Joba Chamberlain was picked up in December of 2013 as a one-year "reclamation project," and for the first half of the 2014 season, he made Dave Dombrowski look like a genius. Through July 23 of that year, Chamberlain pitched better as the eighth-inning setup man than the guy he routinely gave the ball to in the ninth, closer Joe Nathan. Then he whizzed the rest of 2014 down his pant legs, and forgot to wash those pants before the 2015 season.
You want a chart? Here's a chart:
ERA | FIP | WHIP | AVG | OBP | SLG | OPS | K/9 | |
Thru 7/23, 2014 | 2.40 | 2.63 | 1.137 | .212 | .290 | .274 | .564 | 8.9 |
Rest of 2014 | 5.82 | 4.20 | 1.708 | .299 | .370 | .414 | .784 | 7.5 |
2015 | 4.09 | 5.54 | 1.682 | .340 | .380 | .606 | .986 | 6.1 |
There are probably reasons for all of this, but frankly, do we even care? It's not like Joba is coming back to pitch for the Tigers. Of course, that's what I thought at the end of 2014 after Joba posted a 108.00 ERA in the playoffs (there are zero typos involved there) and was a major contributor to the Tigers' early postseason exit. For whatever reason, Dave Dombrowski decided to give Joba another contract in February of 2015, and the rest is history and mopey songs from the late 90s.

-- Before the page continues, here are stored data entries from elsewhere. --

(* For every $i\in\{2,\dots,k+1\}$, the volumes $|D''_i(y'')|$ and $|D_i(y)|$ do not depend on $y\in C_{i-1}$; denoting them $|D''_i|$ and $|D_i|$, $$\lim_{d\to+\infty}\frac1d\ln\frac{|D''_i|}{v_{d-2}}=\lim_{d\to+\infty}\frac1d\ln\frac{|D_i|}{v_d}=\ln\big(r_i\sqrt{1-a_i^2}\big).$$
   Context: Fix $\rho>1$, an integer $k\ge1$, $\kappa\in(\kappa^c_\rho(k),1)$, and $(a_i)_{2\le i\le k+1}\in(0,1)^k$ satisfying $1<\kappa^{k+1}\frac{(1+\rho)^2}{4\rho}\sqrt{\prod_{2\le j\le k+1}(1-a_j^2)}<\kappa\frac{d_{k+1}}{2\rho}$, where $r_1=r_{k+1}=1+\rho$, $r_i=2$ for $2\le i\le k$, $d_1=1+\rho$, $d_i^2=d_{i-1}^2+2r_ia_id_{i-1}+r_i^2$ ($d_i>0$), and $\kappa^c_\rho(k)=\inf_{0\le a_i<1}\max\big((4\rho/((1+\rho)^2\sqrt{\prod_{2\le i\le k+1}(1-a_i^2)}))^{1/(k+1)},\,2\rho/d_{k+1}\big)$. For $d\ge3$ let $v_m$ be the volume of the unit ball of $\mathbb{R}^m$, $|\cdot|$ Lebesgue measure, $B''(c,r)$ the open ball of $\mathbb{R}^{d-2}$, and write $x=(x',x'')\in\mathbb{R}^2\times\mathbb{R}^{d-2}$. Set $D'_0=(-d^{-1/2},d^{-1/2})\times(-d^{-1/2},0)$, $D'_i=(0,d^{-1/2})^2$ for $i\ge1$; $C''_0=\{0\}$, $C''_i=B''(0,d_i-2d^{-1})\setminus B''(0,d_i-3d^{-1})$ for $i\ge1$; $C_i=D'_i\times C''_i$. For $2\le i\le k+1$ and $d$ large, $\theta_i\in(0,\pi/2)$ is given by $\cos\theta_i=\frac{d_{i-1}+a_ir_i}{d_i}+d^{-1/2}$; for $y\in C_{i-1}$, $D''_i(y'')=\{z''\in C''_i:\langle z'',y''\rangle\ge\|y''\|\|z''\|\cos\theta_i\}$ and $D_i(y)=D'_i\times D''_i(y'')$. *)

theory Defs
  imports "HOL-Analysis.Analysis"
begin

definition rr :: "real \<Rightarrow> nat \<Rightarrow> nat \<Rightarrow> real" where
  "rr \<rho> k i = (if i = 1 \<or> i = k + 1 then 1 + \<rho> else 2)"

text \<open>Distances d_i: d_1 = 1 + rho, d_i = sqrt(d_{i-1}^2 + 2 r_i a_i d_{i-1} + r_i^2).
  (The value at index 0 is unused.)\<close>
fun dd :: "real \<Rightarrow> nat \<Rightarrow> (nat \<Rightarrow> real) \<Rightarrow> nat \<Rightarrow> real" where
  "dd \<rho> k a 0 = 0"
| "dd \<rho> k a (Suc 0) = 1 + \<rho>"
| "dd \<rho> k a (Suc (Suc n)) =
     (let p = dd \<rho> k a (Suc n); i = Suc (Suc n)
      in sqrt (p\<^sup>2 + 2 * rr \<rho> k i * a i * p + (rr \<rho> k i)\<^sup>2))"

definition kappa_c :: "real \<Rightarrow> nat \<Rightarrow> real" where
  "kappa_c \<rho> k =
     (INF a \<in> {a. \<forall>i\<in>{2..k+1}. 0 \<le> a i \<and> a i < 1}.
        max (root (k + 1) (4 * \<rho> / ((1 + \<rho>)\<^sup>2 * sqrt (\<Prod>i\<in>{2..k+1}. 1 - (a i)\<^sup>2))))
            (2 * \<rho> / dd \<rho> k a (k + 1)))"

definition Rsp :: "nat \<Rightarrow> (nat \<Rightarrow> real) set" where
  "Rsp m = PiE {..<m} (\<lambda>_. UNIV)"

definition lebm :: "nat \<Rightarrow> (nat \<Rightarrow> real) measure" where
  "lebm m = PiM {..<m} (\<lambda>_. lborel)"

definition vol :: "nat \<Rightarrow> (nat \<Rightarrow> real) set \<Rightarrow> real" where
  "vol m S = measure (lebm m) S"

definition enorm :: "nat \<Rightarrow> (nat \<Rightarrow> real) \<Rightarrow> real" where
  "enorm m x = sqrt (\<Sum>j<m. (x j)\<^sup>2)"

definition einner :: "nat \<Rightarrow> (nat \<Rightarrow> real) \<Rightarrow> (nat \<Rightarrow> real) \<Rightarrow> real" where
  "einner m x y = (\<Sum>j<m. x j * y j)"

definition oball0 :: "nat \<Rightarrow> real \<Rightarrow> (nat \<Rightarrow> real) set" where
  "oball0 m r = {x \<in> Rsp m. enorm m x < r}"

definition vball :: "nat \<Rightarrow> real" where
  "vball m = vol m (oball0 m 1)"

definition xp :: "(nat \<Rightarrow> real) \<Rightarrow> real \<times> real" where
  "xp x = (x 0, x 1)"

definition xpp :: "nat \<Rightarrow> (nat \<Rightarrow> real) \<Rightarrow> (nat \<Rightarrow> real)" where
  "xpp n x = restrict (\<lambda>j. x (j + 2)) {..<n - 2}"

definition Dp :: "nat \<Rightarrow> nat \<Rightarrow> (real \<times> real) set" where
  "Dp n i = (if i = 0
     then {- 1 / sqrt (real n) <..< 1 / sqrt (real n)} \<times> {- 1 / sqrt (real n) <..< 0}
     else {0 <..< 1 / sqrt (real n)} \<times> {0 <..< 1 / sqrt (real n)})"

definition Cpp :: "real \<Rightarrow> nat \<Rightarrow> (nat \<Rightarrow> real) \<Rightarrow> nat \<Rightarrow> nat \<Rightarrow> (nat \<Rightarrow> real) set" where
  "Cpp \<rho> k a n i = (if i = 0 then {restrict (\<lambda>_. 0) {..<n - 2}}
     else oball0 (n - 2) (dd \<rho> k a i - 2 / real n) - oball0 (n - 2) (dd \<rho> k a i - 3 / real n))"

definition CC :: "real \<Rightarrow> nat \<Rightarrow> (nat \<Rightarrow> real) \<Rightarrow> nat \<Rightarrow> nat \<Rightarrow> (nat \<Rightarrow> real) set" where
  "CC \<rho> k a n i = {x \<in> Rsp n. xp x \<in> Dp n i \<and> xpp n x \<in> Cpp \<rho> k a n i}"

definition costh :: "real \<Rightarrow> nat \<Rightarrow> (nat \<Rightarrow> real) \<Rightarrow> nat \<Rightarrow> nat \<Rightarrow> real" where
  "costh \<rho> k a n i = (dd \<rho> k a (i - 1) + a i * rr \<rho> k i) / dd \<rho> k a i + 1 / sqrt (real n)"

definition Dpp :: "real \<Rightarrow> nat \<Rightarrow> (nat \<Rightarrow> real) \<Rightarrow> nat \<Rightarrow> nat \<Rightarrow> (nat \<Rightarrow> real) \<Rightarrow> (nat \<Rightarrow> real) set" where
  "Dpp \<rho> k a n i ypp = {z \<in> Cpp \<rho> k a n i.
      einner (n - 2) z ypp \<ge> enorm (n - 2) ypp * enorm (n - 2) z * costh \<rho> k a n i}"

definition DD :: "real \<Rightarrow> nat \<Rightarrow> (nat \<Rightarrow> real) \<Rightarrow> nat \<Rightarrow> nat \<Rightarrow> (nat \<Rightarrow> real) \<Rightarrow> (nat \<Rightarrow> real) set" where
  "DD \<rho> k a n i y = {x \<in> Rsp n. xp x \<in> Dp n i \<and> xpp n x \<in> Dpp \<rho> k a n i (xpp n y)}"

end

theory Submission
  imports Defs
begin

text \<open>The volume of \<open>D''\<^sub>i(y'')\<close> is invariant under rotations of \<open>\<real>\<^sup>d\<^sup>-\<^sup>2\<close>, which preserve Lebesgue
  measure because every plane rotation is a product of shears; so it does not depend on
  \<open>y'' \<noteq> 0\<close>, and we may take \<open>y''\<close> on a coordinate axis. There the set is squeezed between a
  tiny box times a thin spherical shell and a box times a ball, both of radius about
  \<open>\<beta> = d\<^sub>i sin \<theta>\<close> where \<open>cos \<theta> = (d\<^sub>i\<^sub>-\<^sub>1 + a\<^sub>i r\<^sub>i) / d\<^sub>i\<close>. Their volumes are \<open>v\<^sub>d\<^sub>-\<^sub>2 \<beta>\<^sup>d\<close> up to
  factors of polynomial size in \<open>d\<close>, which are invisible after \<open>(1/d) ln\<close>, and
  \<open>d\<^sub>i sin \<theta> = r\<^sub>i \<surd>(1 - a\<^sub>i\<^sup>2)\<close>. Finally \<open>D\<^sub>i(y) = D'\<^sub>i \<times> D''\<^sub>i(y'')\<close> only adds the factor \<open>1/d\<close>.\<close>

section \<open>Plane rotations preserve Lebesgue measure\<close>

abbreviation lborel_Pi :: "nat set \<Rightarrow> (nat \<Rightarrow> real) measure" where
  "lborel_Pi A \<equiv> PiM A (\<lambda>_. lborel)"

lemma measurable_fun_upd_PiM:
  assumes "a \<in> A" and [measurable]: "g \<in> borel_measurable (lborel_Pi A)"
  shows "(\<lambda>z. z(a := g z)) \<in> lborel_Pi A \<rightarrow>\<^sub>M lborel_Pi A"
proof -
  have "(\<lambda>z. z(a := g z)) = (\<lambda>z i. (\<lambda>i z. if i = a then g z else z i) i z)"
    by (auto simp: fun_eq_iff)
  then show ?thesis
    using assms by (auto intro!: measurable_PiM_single' simp: space_PiM PiE_def extensional_def)
qed

lemma nn_integral_PiM_fun_upd_affine:
  assumes A: "finite A" "a \<in> A" and s: "\<bar>s\<bar> = 1"
    and g[measurable]: "g \<in> borel_measurable (lborel_Pi A)"
    and g_indep: "\<And>z x. g (z(a := x)) = g z"
    and f[measurable]: "f \<in> borel_measurable (lborel_Pi A)"
  shows "(\<integral>\<^sup>+ z. f (z(a := s * z a + g z)) \<partial>lborel_Pi A) = (\<integral>\<^sup>+ z. f z \<partial>lborel_Pi A)"
proof -
  interpret product_sigma_finite "\<lambda>_. lborel" by standard
  define J where "J = A - {a}"
  have J: "A = insert a J" "a \<notin> J" "finite J" using A by (auto simp: J_def)
  have "(\<lambda>z. z(a := s * z a + g z)) \<in> lborel_Pi A \<rightarrow>\<^sub>M lborel_Pi A"
    using A(2) by (intro measurable_fun_upd_PiM) auto
  then have fg: "(\<lambda>z. f (z(a := s * z a + g z))) \<in> borel_measurable (lborel_Pi A)"
    by measurable
  have "(\<integral>\<^sup>+ z. f (z(a := s * z a + g z)) \<partial>lborel_Pi A)
      = (\<integral>\<^sup>+ x. (\<integral>\<^sup>+ y. f (x(a := g x + s * y)) \<partial>lborel) \<partial>lborel_Pi J)"
    using product_nn_integral_insert[OF J(3,2), of "\<lambda>z. f (z(a := s * z a + g z))"] fg J(1)
    by (auto simp: g_indep add.commute intro!: nn_integral_cong)
  also have "\<dots> = (\<integral>\<^sup>+ x. (\<integral>\<^sup>+ y. f (x(a := y)) \<partial>lborel) \<partial>lborel_Pi J)"
  proof (rule nn_integral_cong)
    fix x assume "x \<in> space (lborel_Pi J)"
    then have "(\<lambda>y. f (x(a := y))) \<in> borel_measurable borel"
      using measurable_comp[OF measurable_component_update f[unfolded J(1)], OF _ J(2)]
      unfolding comp_def by simp
    then show "(\<integral>\<^sup>+ y. f (x(a := g x + s * y)) \<partial>lborel) = (\<integral>\<^sup>+ y. f (x(a := y)) \<partial>lborel)"
      using nn_integral_real_affine[of "\<lambda>y. f (x(a := y))" s "g x"] s by auto
  qed
  also have "\<dots> = (\<integral>\<^sup>+ z. f z \<partial>lborel_Pi A)"
    using product_nn_integral_insert[OF J(3,2) f[unfolded J(1)]] J(1) by simp
  finally show ?thesis .
qed

lemma measurable_shear_PiM [measurable]:
  "a \<in> A \<Longrightarrow> b \<in> A \<Longrightarrow> (\<lambda>z. z(a := z a + t * z b)) \<in> lborel_Pi A \<rightarrow>\<^sub>M lborel_Pi A"
  by (rule measurable_fun_upd_PiM) measurable

lemma measurable_reflect_PiM [measurable]:
  "a \<in> A \<Longrightarrow> (\<lambda>z. z(a := - z a)) \<in> lborel_Pi A \<rightarrow>\<^sub>M lborel_Pi A"
  by (rule measurable_fun_upd_PiM) measurable

lemma nn_integral_PiM_shear:
  assumes "finite A" "a \<in> A" "b \<in> A" "a \<noteq> b" "f \<in> borel_measurable (lborel_Pi A)"
  shows "(\<integral>\<^sup>+ z. f (z(a := z a + t * z b)) \<partial>lborel_Pi A) = (\<integral>\<^sup>+ z. f z \<partial>lborel_Pi A)"
  using nn_integral_PiM_fun_upd_affine[of A a 1 "\<lambda>z. t * z b" f] assms by simp

lemma nn_integral_PiM_reflect:
  assumes "finite A" "a \<in> A" "f \<in> borel_measurable (lborel_Pi A)"
  shows "(\<integral>\<^sup>+ z. f (z(a := - z a)) \<partial>lborel_Pi A) = (\<integral>\<^sup>+ z. f z \<partial>lborel_Pi A)"
  using nn_integral_PiM_fun_upd_affine[of A a "-1" "\<lambda>_. 0" f] assms by simp

definition plane_rot :: "nat \<Rightarrow> nat \<Rightarrow> real \<Rightarrow> real \<Rightarrow> (nat \<Rightarrow> real) \<Rightarrow> (nat \<Rightarrow> real)" where
  "plane_rot a b c s z = z(a := c * z a + s * z b, b := - s * z a + c * z b)"

lemma measurable_plane_rot [measurable]:
  assumes "a \<in> A" "b \<in> A" "a \<noteq> b"
  shows "plane_rot a b c s \<in> lborel_Pi A \<rightarrow>\<^sub>M lborel_Pi A"
proof -
  have "plane_rot a b c s = (\<lambda>z i. (\<lambda>i z. if i = a then c * z a + s * z b
      else if i = b then - s * z a + c * z b else z i) i z)"
    using assms by (auto simp: plane_rot_def fun_eq_iff)
  then show ?thesis
    using assms by (auto intro!: measurable_PiM_single' simp: space_PiM PiE_def extensional_def)
qed

text \<open>With \<open>p = s / (1 + c) = tan (\<theta>/2)\<close> the rotation is the product of the shears by \<open>p\<close>,
  \<open>-s\<close>, \<open>p\<close>; the rotation by \<open>\<pi>\<close> is the product of two reflections.\<close>

lemma nn_integral_PiM_plane_rot:
  assumes A: "finite A" "a \<in> A" "b \<in> A" "a \<noteq> b" and cs: "c\<^sup>2 + s\<^sup>2 = 1"
    and f[measurable]: "f \<in> borel_measurable (lborel_Pi A)"
  shows "(\<integral>\<^sup>+ z. f (plane_rot a b c s z) \<partial>lborel_Pi A) = (\<integral>\<^sup>+ z. f z \<partial>lborel_Pi A)"
proof (cases "c = -1")
  case True
  then have "s = 0" using cs by (simp add: power2_eq_square)
  then have rot: "plane_rot a b c s z = (\<lambda>z. z(a := - z a)) (z(b := - z b))" for z
    using True A by (auto simp: plane_rot_def fun_eq_iff)
  have "(\<lambda>z. f (z(a := - z a))) \<in> borel_measurable (lborel_Pi A)"
    using A by measurable
  then have "(\<integral>\<^sup>+ z. f (plane_rot a b c s z) \<partial>lborel_Pi A) = (\<integral>\<^sup>+ z. f (z(a := - z a)) \<partial>lborel_Pi A)"
    unfolding rot by (rule nn_integral_PiM_reflect[OF A(1,3)])
  also have "\<dots> = (\<integral>\<^sup>+ z. f z \<partial>lborel_Pi A)"
    by (rule nn_integral_PiM_reflect[OF A(1,2) f])
  finally show ?thesis .
next
  case False
  define p where "p = s / (1 + c)"
  have "s\<^sup>2 = (1 - c) * (1 + c)" using cs by (simp add: algebra_simps power2_eq_square)
  then have pq1: "1 - p * s = c"
    using False by (auto simp: p_def field_simps power2_eq_square)
  then have "p * (1 - p * s) + p = p * (1 + c)"
    by (subst pq1[symmetric]) (simp add: algebra_simps)
  also have "\<dots> = s"
    using False by (simp add: p_def)
  finally have pq2: "p * (1 - p * s) + p = s" .
  note pq = pq1 pq2
  let ?U = "\<lambda>z. z(a := z a + p * z b)" and ?L = "\<lambda>z. z(b := z b + (- s) * z a)"
  have rot: "plane_rot a b c s z = ?U (?L (?U z))" for z
  proof -
    have "c * z a + s * z b - ((z a + p * z b) + p * (z b + (- s) * (z a + p * z b)))
        = (c - (1 - p * s)) * z a + (s - (p * (1 - p * s) + p)) * z b"
      by (simp add: algebra_simps)
    moreover have "- s * z a + c * z b - (z b + (- s) * (z a + p * z b)) = (c - (1 - p * s)) * z b"
      by (simp add: algebra_simps)
    ultimately show ?thesis using A pq by (auto simp: plane_rot_def fun_eq_iff)
  qed
  have m1: "(\<lambda>z. f (?U z)) \<in> borel_measurable (lborel_Pi A)"
    and m2: "(\<lambda>z. f (?U (?L z))) \<in> borel_measurable (lborel_Pi A)"
    using A by measurable
  have "(\<integral>\<^sup>+ z. f (plane_rot a b c s z) \<partial>lborel_Pi A) = (\<integral>\<^sup>+ z. f (?U (?L z)) \<partial>lborel_Pi A)"
    unfolding rot by (rule nn_integral_PiM_shear[OF A m2])
  also have "\<dots> = (\<integral>\<^sup>+ z. f (?U z) \<partial>lborel_Pi A)"
    using A by (intro nn_integral_PiM_shear[OF A(1,3,2) _ m1]) auto
  also have "\<dots> = (\<integral>\<^sup>+ z. f z \<partial>lborel_Pi A)"
    by (rule nn_integral_PiM_shear[OF A f])
  finally show ?thesis .
qed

Ok, you want a reason, even if it's just a partial reason that probably raises even more questions? Back on May 6 when Joba blew a three-run lead against the White Sox and lost the game for the Tigers, radio color analyst Jim Price talked endlessly about Joba's propensity for throwing too many breaking balls in a row. With two men on base, facing Melky Cabrera, Joba threw two sliders in a row, one of which never came back. He tried a curveball-slider sequence to Jose Abreu that resulted in a base hit, and another curveball-slider sequence to Avisail Garcia that resulted in a go-ahead RBI.
In the June 25 game against the White Sox, with the bases loaded in the tenth inning of a tie game, Joba tried a curveball-curveball-slider-slider sequence against Carlos Sanchez that ended with a bases-clearing triple, and the Tigers lost that game as well. Maybe his slider was too easy to read, mabye it didn't break enough, and maybe Jim Price was right: he just didn't mix his pitches well enough. (The grand slam surrendered while pitching for the Royals in the game mentioned above came off a fastball-slider sequence, though, so maybe it's as simple as saying his slider stopped being a good pitch for him.)
Catherine's grade: C+
Looking back, the Tigers had worse problems than Chamberlain. But when he was on the mound he played with danger until it caught up with him. For a while his numbers stated that he was doing well, but also showed that he was getting lucky thanks to defense. At the time, Chamberlain's issues were a big problem. At the end of the year his performance would have been an improvement in the 'pen, and that speaks to just how bad the bullpen became.